Given entries:
(* Let $n,k$ be integers with $1\le k<n/2$ and let $\gamma\in\mathrm{Aut}(\mathrm{DGP}(n,k))$. If $\gamma$ stabilizes any of $\mathcal{O},\mathcal{I},\mathcal{S}$ setwise, then it stabilizes $\mathcal{S}$ setwise. Moreover, if $\gamma$ stabilizes $\mathcal{S}$ setwise and either $n$ is odd or $k$ is even, then either $\gamma$ stabilizes each of $\mathcal{O}$ and $\mathcal{I}$ setwise, or $\gamma$ interchanges $\mathcal{O}$ and $\mathcal{I}$.
   Context: $\mathrm{GP}(n,k)$ ($1\le k<n/2$) has vertices $u_0,\dots,u_{n-1},v_0,\dots,v_{n-1}$ and edges $\{u_i,u_{i+1}\},\{u_i,v_i\},\{v_i,v_{i+k}\}$ (subscripts mod $n$). $\mathrm{DGP}(n,k)$ is its canonical double cover: vertex set $\{(u_i,j),(v_i,j): 0\le i\le n-1,\ j\in\{0,1\}\}$ and edges $\{(u_i,j),(u_{i+1},1-j)\}$, $\{(u_i,j),(v_i,1-j)\}$, $\{(v_i,j),(v_{i+k},1-j)\}$ for all $i$ (mod $n$) and $j\in\{0,1\}$. Let $\mathcal{O}=\{\{(u_i,j),(u_{i+1},1-j)\}\}$ (outer edges), $\mathcal{I}=\{\{(v_i,j),(v_{i+k},1-j)\}\}$ (inner edges), $\mathcal{S}=\{\{(u_i,j),(v_i,1-j)\}\}$ (spokes), over all $i\in\{0,\dots,n-1\}$, $j\in\{0,1\}$. *)

theory Defs
  imports Main
begin

text \<open>Vertices of DGP(n,k): (u_i, j) is represented as U i j, (v_i, j) as V i j,
  with 0 <= i < n and j in {0,1}.\<close>
datatype vert = U nat nat | V nat nat

definition dgp_verts :: "nat \<Rightarrow> vert set" where
  "dgp_verts n = {U i j | i j. i < n \<and> j < 2} \<union> {V i j | i j. i < n \<and> j < 2}"

definition outer_edges :: "nat \<Rightarrow> vert set set" where
  "outer_edges n = {{U i j, U ((i + 1) mod n) (1 - j)} | i j. i < n \<and> j < 2}"

definition inner_edges :: "nat \<Rightarrow> nat \<Rightarrow> vert set set" where
  "inner_edges n k = {{V i j, V ((i + k) mod n) (1 - j)} | i j. i < n \<and> j < 2}"

definition spoke_edges :: "nat \<Rightarrow> vert set set" where
  "spoke_edges n = {{U i j, V i (1 - j)} | i j. i < n \<and> j < 2}"

definition dgp_edges :: "nat \<Rightarrow> nat \<Rightarrow> vert set set" where
  "dgp_edges n k = outer_edges n \<union> inner_edges n k \<union> spoke_edges n"

definition dgp_aut :: "nat \<Rightarrow> nat \<Rightarrow> (vert \<Rightarrow> vert) \<Rightarrow> bool" where
  "dgp_aut n k g \<longleftrightarrow> bij_betw g (dgp_verts n) (dgp_verts n) \<and>
     (\<forall>x\<in>dgp_verts n. \<forall>y\<in>dgp_verts n.
        ({g x, g y} \<in> dgp_edges n k \<longleftrightarrow> {x, y} \<in> dgp_edges n k))"

definition edge_img :: "(vert \<Rightarrow> vert) \<Rightarrow> vert set set \<Rightarrow> vert set set" where
  "edge_img g E = (\<lambda>e. g ` e) ` E"

end

(*
  Call the u-vertices outer and the v-vertices inner. Then O and I are exactly the edges with
  both ends outer, respectively inner, and S the edges joining the two sides. If an automorphism
  fixes O, it maps outer vertices (each lies on an outer edge) to outer vertices, so the image of
  a spoke has an outer end but is not an outer edge: it is a spoke. The case of I is symmetric.
  If it fixes S, then whether it switches sides at a vertex is the same at both ends of every
  edge, hence constant on DGP(n,k), which is connected when n is odd or k is even. Keeping sides
  everywhere fixes O and I; switching them everywhere interchanges O and I.
*)
theory Submission
  imports Defs
begin

fun is_outer :: "vert \<Rightarrow> bool" where
  "is_outer (U _ _) = True"
| "is_outer (V _ _) = False"

definition mono_edges :: "nat \<Rightarrow> nat \<Rightarrow> bool \<Rightarrow> vert set set" where
  "mono_edges n k b = {e \<in> dgp_edges n k. \<forall>x\<in>e. is_outer x = b}"

lemma finite_dgp_verts: "finite (dgp_verts n)"
proof -
  have "dgp_verts n = (\<lambda>(i, j). U i j) ` ({..<n} \<times> {..<2}) \<union> (\<lambda>(i, j). V i j) ` ({..<n} \<times> {..<2})"
    unfolding dgp_verts_def by auto
  then show ?thesis by simp
qed

lemma edge_img_Un: "edge_img g (A \<union> B) = edge_img g A \<union> edge_img g B"
  unfolding edge_img_def by (rule image_Un)

lemma dgp_edges_subset_Pow: "dgp_edges n k \<subseteq> Pow (dgp_verts n)"
  unfolding dgp_edges_def outer_edges_def inner_edges_def spoke_edges_def dgp_verts_def
  by auto

lemma finite_dgp_edges: "finite (dgp_edges n k)"
  using finite_subset[OF dgp_edges_subset_Pow] finite_dgp_verts by blast

lemma dgp_edge_doubleton: "e \<in> dgp_edges n k \<Longrightarrow> \<exists>x y. e = {x, y}"
  unfolding dgp_edges_def outer_edges_def inner_edges_def spoke_edges_def by auto

lemma dgp_edge_nonempty: "e \<in> dgp_edges n k \<Longrightarrow> e \<noteq> {}"
  unfolding dgp_edges_def outer_edges_def inner_edges_def spoke_edges_def by auto

lemma outer_edges_eq_mono: "outer_edges n = mono_edges n k True"
  unfolding mono_edges_def dgp_edges_def outer_edges_def inner_edges_def spoke_edges_def
  by auto

lemma inner_edges_eq_mono: "inner_edges n k = mono_edges n k False"
  unfolding mono_edges_def dgp_edges_def outer_edges_def inner_edges_def spoke_edges_def
  by auto

lemma mono_edges_disjoint: "b \<noteq> b' \<Longrightarrow> mono_edges n k b \<inter> mono_edges n k b' = {}"
  unfolding mono_edges_def using dgp_edge_nonempty by fastforce

lemma non_spoke_edge_mono:
  "e \<in> dgp_edges n k \<Longrightarrow> e \<notin> spoke_edges n \<Longrightarrow> x \<in> e \<Longrightarrow> e \<in> mono_edges n k (is_outer x)"
  unfolding mono_edges_def dgp_edges_def outer_edges_def inner_edges_def by auto

lemma spoke_edge_sides:
  "e \<in> spoke_edges n \<Longrightarrow> x \<in> e \<Longrightarrow> y \<in> e \<Longrightarrow> x \<noteq> y \<Longrightarrow> is_outer x \<noteq> is_outer y"
  unfolding spoke_edges_def by auto

lemma spoke_edge_meets_side: "e \<in> spoke_edges n \<Longrightarrow> \<exists>x\<in>e. is_outer x = b"
  unfolding spoke_edges_def by (cases b) auto

lemma outer_edge_mem: "i < n \<Longrightarrow> j < 2 \<Longrightarrow> {U i j, U ((i + 1) mod n) (1 - j)} \<in> dgp_edges n k"
  unfolding dgp_edges_def outer_edges_def by blast

lemma inner_edge_mem: "i < n \<Longrightarrow> j < 2 \<Longrightarrow> {V i j, V ((i + k) mod n) (1 - j)} \<in> dgp_edges n k"
  unfolding dgp_edges_def inner_edges_def by blast

lemma spoke_edge_mem: "i < n \<Longrightarrow> j < 2 \<Longrightarrow> {U i j, V i (1 - j)} \<in> dgp_edges n k"
  unfolding dgp_edges_def spoke_edges_def by blast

Task requirements: Report how many lines of the entries include the word "each", and let the number stand alone.

Reply to the exercise: 2